= Interleaved memory =

Computer memory access architecture

In computing, interleaved memory is a design which compensates for the relatively slow speed of dynamic random-access memory (DRAM) or core memory, by spreading memory addresses evenly across memory banks. That way, contiguous memory reads and writes use each memory bank in turn, resulting in higher memory throughput due to reduced waiting for memory banks to become ready for the operations.

It is different from multi-channel memory architectures, primarily as interleaved memory does not add more channels between the main memory and the memory controller. However, channel interleaving is also possible, for example in freescale i.MX6 processors, which allow interleaving to be done between two channels.

== Overview ==
With interleaved memory, memory addresses are allocated to each memory bank in turn. For example, in an interleaved system with two memory banks (assuming word-addressable memory), if logical address 32 belongs to bank 0, then logical address 33 would belong to bank 1, logical address 34 would belong to bank 2, and so on. An interleaved memory is said to be n-way interleaved when there are n banks and memory location i resides in bank i mod n.

Memory interleaving example with 4 banks. Red banks are refreshing and can't be used.

Interleaved memory results in contiguous reads (which are common both in multimedia and execution of programs) and contiguous writes (which are used frequently when filling storage or communication buffers) actually using each memory bank in turn, instead of using the same one repeatedly. This results in significantly higher memory throughput as each bank has a minimum waiting time between reads and writes.

== Interleaved DRAM ==
Main memory (random-access memory, RAM) is usually composed of a collection of DRAM memory chips, where a number of chips can be grouped together to form a memory bank. It is then possible, with a memory controller that supports interleaving, to lay out these memory banks so that the memory banks will be interleaved.

Data in DRAM is stored in units of pages. Each DRAM bank has a row buffer that serves as a cache for accessing any page in the bank. Before a page in the DRAM bank is read, it is first loaded into the row-buffer. If the page is immediately read from the row-buffer (or a row-buffer hit), it has the shortest memory access latency in one memory cycle. If it is a row buffer miss, which is also called a row-buffer conflict, it is slower because the new page has to be loaded into the row-buffer before it is read. Row-buffer misses happen as access requests on different memory pages in the same bank are serviced. A row-buffer conflict incurs a substantial delay for a memory access. In contrast, memory accesses to different banks can proceed in parallel with a high throughput.

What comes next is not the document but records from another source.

(* Let $\mathcal W$ be an operator space, $X\in\mathcal W^{n\times n}$, $X'\in\mathcal W^{n'\times n'}$, and let $M,M'\in\mathbb N$ be such that $Mn=M'n'$ is the least common multiple of $n$ and $n'$. Then $\bigl\|\bigoplus_{\alpha=1}^MX-\bigoplus_{\beta=1}^{M'}X'\bigr\|_{Mn}=0$ if and only if there exists $Y\in\mathcal W^{d\times d}$ for some $d$, and $m,m'\in\mathbb N$, such that $X=\bigoplus_{\alpha=1}^mY$ and $X'=\bigoplus_{\beta=1}^{m'}Y$.
   Context: An operator space is a complex Banach space $\mathcal W$ with norms $\|\cdot\|_n$ on $\mathcal W^{n\times n}$ such that $\|X\oplus Y\|_{n+m}=\max\{\|X\|_n,\|Y\|_m\}$ and $\|TXS\|_n\le\|T\|\|X\|_n\|S\|$ for $T,S\in\mathbb C^{n\times n}$, where $X\oplus Y=\begin{bmatrix}X&0\\0&Y\end{bmatrix}$ and $\bigoplus_{\alpha=1}^mY$ denotes the block diagonal matrix with $m$ diagonal blocks equal to $Y$. *)

theory Defs
  imports "HOL-Analysis.Analysis"
begin

text \<open>Matrices are modelled as functions nat => nat => _. The space W^{n x n}
  is the set of those matrices whose entries vanish outside the index range {0..<n}^2.\<close>

definition mats :: "nat \<Rightarrow> (nat \<Rightarrow> nat \<Rightarrow> 'w::zero) set" where
  "mats n = {X. \<forall>i j. (n \<le> i \<or> n \<le> j) \<longrightarrow> X i j = 0}"
lemma out_factor_tprod_Inr:
  assumes Y: "weak_tree Y" and "finite (tedges X)" "e \<in> tedges Y" "tsrc Y e = tstart Y"
  shows "out_factor chi (tprod X Y) m (Inr e) = (out_factor chi Y m e :: 'm)"
proof -
  have "walks_avoid Y {tstart Y} (ttgt Y e) {e}"
    using walks_avoid_child[of Y e "tstart Y"] Y assms(3,4) by (simp add: weak_tree_def other_end_def)
  then show ?thesis
    using tauF_tprod_right[OF Y, of X "ttgt Y e" "{e}" "{Inr e}" chi m] assms Y
    by (simp add: out_factor_def tprod_simps weak_tree_def)
qed

lemma in_factor_tprod_Inr:
  assumes Y: "weak_tree Y" and "finite (tedges X)" "e \<in> tedges Y" "ttgt Y e = tstart Y"
  shows "in_factor chi (tprod X Y) m (Inr e) = (in_factor chi Y m e :: 'm)"
proof -
  have "walks_avoid Y {tstart Y} (tsrc Y e) {e}"
    using walks_avoid_child[of Y e "tstart Y"] Y assms(3,4) by (auto simp: weak_tree_def other_end_def split: if_splits)
  then show ?thesis
    using tauF_tprod_right[OF Y, of X "tsrc Y e" "{e}" "{Inr e}" chi m] assms Y
    by (simp add: in_factor_def tprod_simps weak_tree_def)
qed
lemma unfold_eq_step: "unfold_eq A B \<Longrightarrow> step A \<mu> A' \<Longrightarrow> \<exists>B'. step B \<mu> B' \<and> unfold_eq A' B'"
proof (induction A B arbitrary: \<mu> A' rule: unfold_eq.induct)
  case (ue_refl A)
  then show ?case by (auto intro: unfold_eq.ue_refl)
next
  case (ue_solL E i xs B)
  then show ?case by (auto elim: step_PSolE)
next
  case (ue_solR E i xs A)
  then show ?case using step.s_sol by blast
next
  case (ue_in A B a k)
  then show ?case by (auto elim!: step_PInE intro: step.s_in)
next
  case (ue_out A B a k)
  then show ?case by (auto elim!: step_POutE intro: step.s_out)
next
  case (ue_rep A B a k)
  then show ?case by (auto elim!: step_PRepE intro!: step.s_rep ue_par unfold_eq_ren unfold_eq.ue_rep)
next
  case (ue_res A B)
  from step_PRes_cases[OF ue_res.prems] obtain P' where
    "step A (ren_act Suc \<mu>) P'" "A' = PRes (ren (swp (ar \<mu>)) P')" by blast
  with ue_res.IH show ?case by (blast intro: step_res unfold_eq.ue_res unfold_eq_ren)
next
  case (ue_par A1 B1 A2 B2)
  from step_PPar_cases[OF ue_par.prems] show ?case
  proof (elim disjE exE conjE)
    fix P' assume "step A1 \<mu> P'" "A' = PPar P' (ren (\<lambda>i. i + ar \<mu>) A2)"
    with ue_par show ?case by (blast intro: step.s_parl unfold_eq.ue_par unfold_eq_ren)
  next
    fix P' assume "step A2 \<mu> P'" "A' = PPar (ren (\<lambda>i. i + ar \<mu>) A1) P'"
    with ue_par show ?case by (blast intro: step.s_parr unfold_eq.ue_par unfold_eq_ren)
  next
    fix \<nu> P' Q' assume "\<mu> = Tau" "\<nu> \<noteq> Tau" "step A1 \<nu> P'" "step A2 (dual_act \<nu>) Q'"
      "A' = resn (ar \<nu>) (PPar P' Q')"
    with ue_par.IH show ?case by (blast intro: step_comm unfold_eq.ue_par unfold_eq_resn)
  qed
qed

lemma unfold_eqs_step:
  "unfold_eq\<^sup>*\<^sup>* A B \<Longrightarrow> step A \<mu> A' \<Longrightarrow> \<exists>B'. step B \<mu> B' \<and> unfold_eq\<^sup>*\<^sup>* A' B'"
proof (induction arbitrary: A' rule: rtranclp_induct)
  case (step B C)
  then obtain B' where "step B \<mu> B'" "unfold_eq\<^sup>*\<^sup>* A' B'" by blast
  with unfold_eq_step[OF step.hyps(2)] show ?case by (meson rtranclp.rtrancl_into_rtrancl)
qed blast

section \<open>Non-divergence and weak traces\<close>

definition trace_pred :: "'s pr \<times> act list \<Rightarrow> 's pr \<times> act list \<Rightarrow> bool" where
  "trace_pred y x \<longleftrightarrow> (\<exists>\<mu>. step (fst x) \<mu> (fst y) \<and> snd x = visible \<mu> @ snd y)"

text \<open>An infinite descending \<open>trace_pred\<close>-chain can consume only finitely many visible
  actions of the trace, so from some point on all its transitions are \<open>\<tau>\<close>.\<close>

lemma accp_trace_pred:
  assumes "\<not> diverges P"
  shows "Wellfounded.accp trace_pred (P, s)"
proof (rule ccontr)
  assume not_acc: "\<not> Wellfounded.accp trace_pred (P, s)"
  have "\<exists>f. \<forall>n. (\<not> Wellfounded.accp trace_pred (f n) \<and> (n = 0 \<longrightarrow> f n = (P, s)))
      \<and> trace_pred (f (Suc n)) (f n)"
  proof (rule dependent_nat_choice)
    show "\<exists>x. \<not> Wellfounded.accp trace_pred x \<and> ((0::nat) = 0 \<longrightarrow> x = (P, s))"
      using not_acc by blast
  next
    fix x and n :: nat assume "\<not> Wellfounded.accp trace_pred x \<and> (n = 0 \<longrightarrow> x = (P, s))"
    then obtain y where "trace_pred y x" "\<not> Wellfounded.accp trace_pred y"
      by (blast elim: not_accp_down)
    then show "\<exists>y. (\<not> Wellfounded.accp trace_pred y \<and> (Suc n = 0 \<longrightarrow> y = (P, s)))
        \<and> trace_pred y x" by blast
  qed
  then obtain f where f0: "f 0 = (P, s)" and f: "\<And>n. trace_pred (f (Suc n)) (f n)" by blast
  then have "\<forall>n. \<exists>\<mu>. step (fst (f n)) \<mu> (fst (f (Suc n))) \<and> snd (f n) = visible \<mu> @ snd (f (Suc n))"
    unfolding trace_pred_def by blast
  then obtain l where l: "\<And>n. step (fst (f n)) (l n) (fst (f (Suc n)))"
    "\<And>n. snd (f n) = visible (l n) @ snd (f (Suc n))"
    by (metis choice)
  define m where "m n = length (snd (f n))" for n
  have m_Suc: "m n = length (visible (l n)) + m (Suc n)" for n
    using l(2)[of n] by (simp add: m_def)
  then have m_antimono: "m (Suc n) \<le> m n" for n
    by (metis le_add2)
  obtain N where N: "\<And>n. m N \<le> m n"
    using ex_has_least_nat[of "\<lambda>_. True" 0 m] by blast
  have "l n = Tau" if "N \<le> n" for n
  proof -
    have "m n \<le> m N" using lift_Suc_antimono_le[of m, OF m_antimono that] .
    then have "length (visible (l n)) = 0" using N[of "Suc n"] m_Suc[of n] by linarith
    then show ?thesis by (simp add: visible_def split: if_splits)
  qed
  then have "diverges P"
    unfolding diverges_def using f0 l(1)
    by (intro exI[of _ "\<lambda>n. fst (f n)"] exI[of _ l]) auto
  with assms show False by blast
qed

section \<open>Guarded systems\<close>

text \<open>An injective renaming agreeing with \<open>\<lambda>n. xs ! n\<close> on the parameters, so that unfolding
  an equation variable stays within the injective renamings that preserve traces.\<close>

definition extend_nth :: "nat list \<Rightarrow> nat \<Rightarrow> nat" where
  "extend_nth xs n = (if n < length xs then xs ! n else Suc (Max (insert 0 (set xs))) + n)"

lemma inj_extend_nth:
  assumes "distinct xs"
  shows "inj (extend_nth xs)"
proof (rule injI)
  fix x y assume e: "extend_nth xs x = extend_nth xs y"
  let ?M = "Max (insert 0 (set xs))"
  have below: "xs ! n \<le> ?M" if "n < length xs" for n
    using that by simp
  show "x = y"
  proof (cases "x < length xs"; cases "y < length xs")
    assume "x < length xs" "y < length xs"
    then show ?thesis using e assms by (simp add: extend_nth_def nth_eq_iff_index_eq)
  next
    assume "x < length xs" "\<not> y < length xs"
    then have "xs ! x = Suc (?M + y)" using e by (simp add: extend_nth_def)
    with below[of x] \<open>x < length xs\<close> show ?thesis by linarith
  next
    assume "\<not> x < length xs" "y < length xs"
    then have "xs ! y = Suc (?M + x)" using e by (simp add: extend_nth_def)
    with below[of y] \<open>y < length xs\<close> show ?thesis by linarith
  qed (use e in \<open>simp add: extend_nth_def\<close>)
qed

lemma ren_nth_eq_extend_nth: "names_below (length xs) P \<Longrightarrow> ren (\<lambda>n. xs ! n) P = ren (extend_nth xs) P"
  by (rule ren_cong) (auto simp: extend_nth_def)

primrec unfold_vars :: "(nat \<Rightarrow> 's abs) \<Rightarrow> 's pr \<Rightarrow> 's pr" where
  "unfold_vars E PNil = PNil"
| "unfold_vars E (PIn a k P) = PIn a k P"
| "unfold_vars E (POut a k P) = POut a k P"
| "unfold_vars E (PRep a k P) = PRep a k P"
| "unfold_vars E (PRes P) = PRes (unfold_vars E P)"
| "unfold_vars E (PPar P Q) = PPar (unfold_vars E P) (unfold_vars E Q)"
| "unfold_vars E (PVar j xs) = ren (extend_nth xs) (snd (E j))"
| "unfold_vars E (PSol E' i xs) = PSol E' i xs"

definition var_arity :: "nat set \<Rightarrow> (nat \<Rightarrow> 's abs) \<Rightarrow> nat \<Rightarrow> nat option" where
  "var_arity I E j = map_option length (vsys I E j)"

lemma var_arity_eq_Some: "var_arity I E j = Some m \<longleftrightarrow> j \<in> I \<and> m = length (fst (E j))"
  by (auto simp: var_arity_def vsys_def)

lemma wf_subst_closed_abs:
  assumes "\<forall>j\<in>I. closed_abs ob (F j) (fst (E j))"
  shows "wf_subst (var_arity I E) F"
  unfolding wf_subst_def
proof (intro allI impI)
  fix j m assume "var_arity I E j = Some m"
  then have j: "j \<in> I" "m = length (fst (E j))" by (auto simp: var_arity_eq_Some)
  with assms have "wt ob (\<lambda>_. None) (fst (E j)) (snd (F j))" by (auto simp: closed_abs_def)
  from wt_imp_wf_pr[OF this] j show "wf_pr no_vars (snd (F j)) \<and> names_below m (snd (F j))" by simp
qed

The issue of row-buffer conflicts has been well studied with an effective solution. The size of a row-buffer is normally the size of a memory page managed by the operating system. Row-buffer conflicts or misses come from a sequence of accesses to different pages in the same memory bank. The study shows that a conventional memory interleaving method would propagate address-mapping conflicts at a cache level to the memory address space, causing row-buffer misses in a memory bank. The permutation-based interleaved memory method developed by Zhao Zhang, Zhichun Zhu, and Xiaodong Zhang solves the problem with a trivial microarchitecture cost. Sun Microsystems adopted this the permutation interleaving method quickly in their products. This patent-free method can be found in many commercial microprocessors, such as AMD, Intel and NVIDIA, for embedded systems, laptops, desktops, and enterprise servers.

In traditional (flat) layouts, memory banks can be allocated a contiguous block of memory addresses, which is very simple for the memory controller and gives equal performance in completely random access scenarios, when compared to performance levels achieved through interleaving. However, in reality memory reads are rarely random due to locality of reference, and optimizing for close together access gives far better performance in interleaved layouts.

The way memory is addressed has no effect on the access time for memory locations which are already cached, having an impact only on memory locations which need to be retrieved from DRAM.

== History ==
Early research into interleaved memory was performed at IBM in the 60s and 70s in relation to the IBM 7030 Stretch computer, but development went on for decades improving design, flexibility and performance to produce modern implementations.